- [Required action]
Every line from the beginning of the records below up to the one holding "using AE_nonneg by eventually_elim (use h_pos[of" should be quoted exactly; leave out the rest.

Dataset Block Start

text \<open>Fatou's lemma applied to the difference quotients \<open>(1 - exp (-h x)) / h \<longrightarrow> x\<close> as \<open>h \<rightarrow> 0+\<close>.\<close>

lemma integrable_if_laplace_tr_right_deriv:
  assumes "(laplace_tr M has_real_derivative d) (at_right 0)"
  shows "integrable M (\<lambda>x. x)"
proof -
  define h where "h n = inverse (real (Suc n))" for n
  have h_pos: "0 < h n" for n
    by (simp add: h_def)
  have h_lim: "filterlim h (at_right 0) sequentially"
    using h_pos LIMSEQ_inverse_real_of_nat unfolding h_def
    by (intro tendsto_imp_filterlim_at_right) auto
  define r where "r n x = (1 - exp (- h n * x)) / h n" for n x
  have r_nonneg: "AE x in M. 0 \<le> r n x" for n
    using AE_nonneg by eventually_elim (use h_pos[of n] in \<open>simp add: r_def mult_nonneg_nonneg\<close>)
  have r_nn_integral: "(\<integral>\<^sup>+x. r n x \<partial>M) = ennreal ((1 - laplace_tr M (h n)) / h n)" for n
  proof -
    have "integrable M (r n)"
      unfolding r_def using integrable_exp_minus_mult[OF less_imp_le[OF h_pos]]
      by (intro integrable_divide integrable_diff) auto
    moreover have "(\<integral>x. r n x \<partial>M) = (1 - laplace_tr M (h n)) / h n"
      using integrable_exp_minus_mult[OF less_imp_le[OF h_pos]] prob_space
      unfolding r_def laplace_tr_def by (simp add: integral_diff diff_divide_distrib)
    ultimately show ?thesis
      using r_nonneg[of n]
      by (simp add: nn_integral_eq_integral)
  qed
  have "(\<lambda>n. (laplace_tr M (h n) - laplace_tr M 0) / (h n - 0)) \<longlonglongrightarrow> d"
    using filterlim_compose[OF assms[unfolded has_field_derivative_iff] h_lim] .
  from tendsto_minus[OF this] have "(\<lambda>n. (1 - laplace_tr M (h n)) / h n) \<longlonglongrightarrow> - d"
    by (simp add: minus_divide_left)
  then have r_nn_integral_lim: "(\<lambda>n. \<integral>\<^sup>+x. r n x \<partial>M) \<longlonglongrightarrow> ennreal (- d)"
    unfolding r_nn_integral by (rule tendsto_ennrealI)
  have r_lim: "(\<lambda>n. r n x) \<longlonglongrightarrow> x" for x
  proof -
    have "((\<lambda>s. exp (- s * x)) has_real_derivative - (x * exp (- 0 * x))) (at_right 0)"
      by (auto intro!: derivative_eq_intros)
    from filterlim_compose[OF this[unfolded has_field_derivative_iff] h_lim]
    have "(\<lambda>n. (exp (- h n * x) - 1) / h n) \<longlonglongrightarrow> - x"
      by simp
    from tendsto_minus[OF this] show ?thesis
      by (simp add: r_def minus_divide_left)
  qed
  have "(\<integral>\<^sup>+x. ennreal x \<partial>M) = (\<integral>\<^sup>+x. liminf (\<lambda>n. ennreal (r n x)) \<partial>M)"
  proof (rule nn_integral_cong)
    show "ennreal x = liminf (\<lambda>n. ennreal (r n x))" for x
      using lim_imp_Liminf[OF _ tendsto_ennrealI[OF r_lim]] by simp
  qed
  also have "\<dots> \<le> liminf (\<lambda>n. \<integral>\<^sup>+x. r n x \<partial>M)"
    by (rule nn_integral_liminf) (simp add: r_def)
  also have "\<dots> = ennreal (- d)"
    using r_nn_integral_lim by (simp add: lim_imp_Liminf)
  finally have "(\<integral>\<^sup>+x. ennreal x \<partial>M) < \<infinity>"
    by (rule le_less_trans) simp
  moreover have "(\<integral>\<^sup>+x. ennreal (norm x) \<partial>M) = (\<integral>\<^sup>+x. ennreal x \<partial>M)"
    using AE_nonneg by (intro nn_integral_cong_AE) auto
  ultimately show ?thesis
    by (simp add: integrable_iff_bounded)
qed

lemma laplace_tr_right_deriv_iff:
  "(laplace_tr M has_real_derivative d) (at_right 0) \<longleftrightarrow> integrable M (\<lambda>x. x) \<and> d = - (\<integral>x. x \<partial>M)"
proof -
  have mean_deriv: "(laplace_tr M has_real_derivative - (\<integral>x. x \<partial>M)) (at_right 0)"
    if "integrable M (\<lambda>x. x)"
  proof -
    have "(laplace_tr M has_real_derivative - (\<integral>x. x * exp (- 0 * x) \<partial>M)) (at 0 within {0..})"
      using laplace_tr_has_real_derivative[OF that order.refl] .
    then have "(laplace_tr M has_real_derivative - (\<integral>x. x * exp (- 0 * x) \<partial>M)) (at 0 within {0<..})"
      by (rule DERIV_subset) auto
    then show ?thesis
      by simp
  qed
  show ?thesis
  proof
    assume deriv: "(laplace_tr M has_real_derivative d) (at_right 0)"
    then have mean: "integrable M (\<lambda>x. x)"
      by (rule integrable_if_laplace_tr_right_deriv)
    from deriv mean_deriv[OF mean] have "d = - (\<integral>x. x \<partial>M)"
      unfolding has_field_derivative_iff by (rule tendsto_unique[OF trivial_limit_at_right_real])
    with mean show "integrable M (\<lambda>x. x) \<and> d = - (\<integral>x. x \<partial>M)"
      by simp
  qed (use mean_deriv in auto)
qed

lemma deriv_laplace_tr_plus_mean:
  assumes mean: "integrable M (\<lambda>x. x)" and "0 < u"
  shows "deriv (laplace_tr M) u + (\<integral>x. x \<partial>M) = (\<integral>x. x * (1 - exp (- u * x)) \<partial>M)"
proof -
  have "integrable M (\<lambda>x. x * exp (- u * x))"
  proof (rule Bochner_Integration.integrable_bound[OF mean])
    show "AE x in M. norm (x * exp (- u * x)) \<le> norm x"
      using AE_nonneg by eventually_elim (use \<open>0 < u\<close> in \<open>simp add: mult_left_le mult_nonneg_nonneg\<close>)
  qed measurable
  with mean show ?thesis
    using deriv_laplace_tr[OF assms] by (simp add: right_diff_distrib integral_diff)
qed

lemma frac_deriv_integrand_laplace_tr:
  assumes "integrable M (\<lambda>x. x)"
  shows "0 \<le> frac_deriv_integrand (laplace_tr M) (- (\<integral>x. x \<partial>M)) lam u"
    and "ennreal (frac_deriv_integrand (laplace_tr M) (- (\<integral>x. x \<partial>M)) lam u)
           = (\<integral>\<^sup>+x. ennreal (indicator {0<..} u * (x * (1 - exp (- u * x)) / u powr (1 + lam))) \<partial>M)"
proof -
  have "0 \<le> frac_deriv_integrand (laplace_tr M) (- (\<integral>x. x \<partial>M)) lam u \<and>
      ennreal (frac_deriv_integrand (laplace_tr M) (- (\<integral>x. x \<partial>M)) lam u)
           = (\<integral>\<^sup>+x. ennreal (indicator {0<..} u * (x * (1 - exp (- u * x)) / u powr (1 + lam))) \<partial>M)"
  proof (cases "0 < u")
    case True
    define g where "g x = x * (1 - exp (- u * x)) / u powr (1 + lam)" for x
    have g_nonneg: "AE x in M. 0 \<le> g x"
      using AE_nonneg by eventually_elim (use True in \<open>simp add: g_def mult_nonneg_nonneg\<close>)
    have "integrable M (\<lambda>x. x * (1 - exp (- u * x)))"
    proof (rule Bochner_Integration.integrable_bound[OF assms])
      show "AE x in M. norm (x * (1 - exp (- u * x))) \<le> norm x"
        using AE_nonneg by eventually_elim (use True in \<open>simp add: mult_left_le mult_nonneg_nonneg\<close>)
    qed measurable
    then have "integrable M g"
      unfolding g_def by (rule integrable_divide)
    moreover have "frac_deriv_integrand (laplace_tr M) (- (\<integral>x. x \<partial>M)) lam u = (\<integral>x. g x \<partial>M)"
      using deriv_laplace_tr_plus_mean[OF assms True] True by (simp add: frac_deriv_integrand_def g_def)
    moreover have "(\<integral>\<^sup>+x. ennreal (indicator {0<..} u * (x * (1 - exp (- u * x)) / u powr (1 + lam))) \<partial>M)
        = (\<integral>\<^sup>+x. ennreal (g x) \<partial>M)"
      using True by (simp add: g_def)
    ultimately show ?thesis
      using g_nonneg by (simp add: integral_nonneg_AE nn_integral_eq_integral)
  qed (simp add: frac_deriv_integrand_def)
  then show "0 \<le> frac_deriv_integrand (laplace_tr M) (- (\<integral>x. x \<partial>M)) lam u"
    and "ennreal (frac_deriv_integrand (laplace_tr M) (- (\<integral>x. x \<partial>M)) lam u)
           = (\<integral>\<^sup>+x. ennreal (indicator {0<..} u * (x * (1 - exp (- u * x)) / u powr (1 + lam))) \<partial>M)"
    by auto
qed

lemma borel_measurable_frac_deriv_integrand:
  assumes "integrable M (\<lambda>x. x)"
  shows "frac_deriv_integrand (laplace_tr M) (- (\<integral>x. x \<partial>M)) lam \<in> borel_measurable lborel"
proof -
  have "(\<lambda>(u, x). ennreal (indicator {0<..} u * (x * (1 - exp (- u * x)) / u powr (1 + lam))))
      \<in> borel_measurable (lborel \<Otimes>\<^sub>M M)"
    by measurable
  then have "(\<lambda>u. enn2real (\<integral>\<^sup>+x. ennreal (indicator {0<..} u * (x * (1 - exp (- u * x)) / u powr (1 + lam))) \<partial>M))
      \<in> borel_measurable lborel"
    by measurable
  also have "(\<lambda>u. enn2real (\<integral>\<^sup>+x. ennreal (indicator {0<..} u * (x * (1 - exp (- u * x)) / u powr (1 + lam))) \<partial>M))
      = frac_deriv_integrand (laplace_tr M) (- (\<integral>x. x \<partial>M)) lam"
  proof
    fix u
    show "enn2real (\<integral>\<^sup>+x. ennreal (indicator {0<..} u * (x * (1 - exp (- u * x)) / u powr (1 + lam))) \<partial>M)
        = frac_deriv_integrand (laplace_tr M) (- (\<integral>x. x \<partial>M)) lam u"
      using frac_deriv_integrand_laplace_tr[OF assms, of lam u] by (metis enn2real_ennreal)
  qed
  finally show ?thesis .
qed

Dataset Block End

- [Response box]
text \<open>Fatou's lemma applied to the difference quotients \<open>(1 - exp (-h x)) / h \<longrightarrow> x\<close> as \<open>h \<rightarrow> 0+\<close>.\<close>

lemma integrable_if_laplace_tr_right_deriv:
  assumes "(laplace_tr M has_real_derivative d) (at_right 0)"
  shows "integrable M (\<lambda>x. x)"
proof -
  define h where "h n = inverse (real (Suc n))" for n
  have h_pos: "0 < h n" for n
    by (simp add: h_def)
  have h_lim: "filterlim h (at_right 0) sequentially"
    using h_pos LIMSEQ_inverse_real_of_nat unfolding h_def
    by (intro tendsto_imp_filterlim_at_right) auto
  define r where "r n x = (1 - exp (- h n * x)) / h n" for n x
  have r_nonneg: "AE x in M. 0 \<le> r n x" for n
    using AE_nonneg by eventually_elim (use h_pos[of n] in \<open>simp add: r_def mult_nonneg_nonneg\<close>)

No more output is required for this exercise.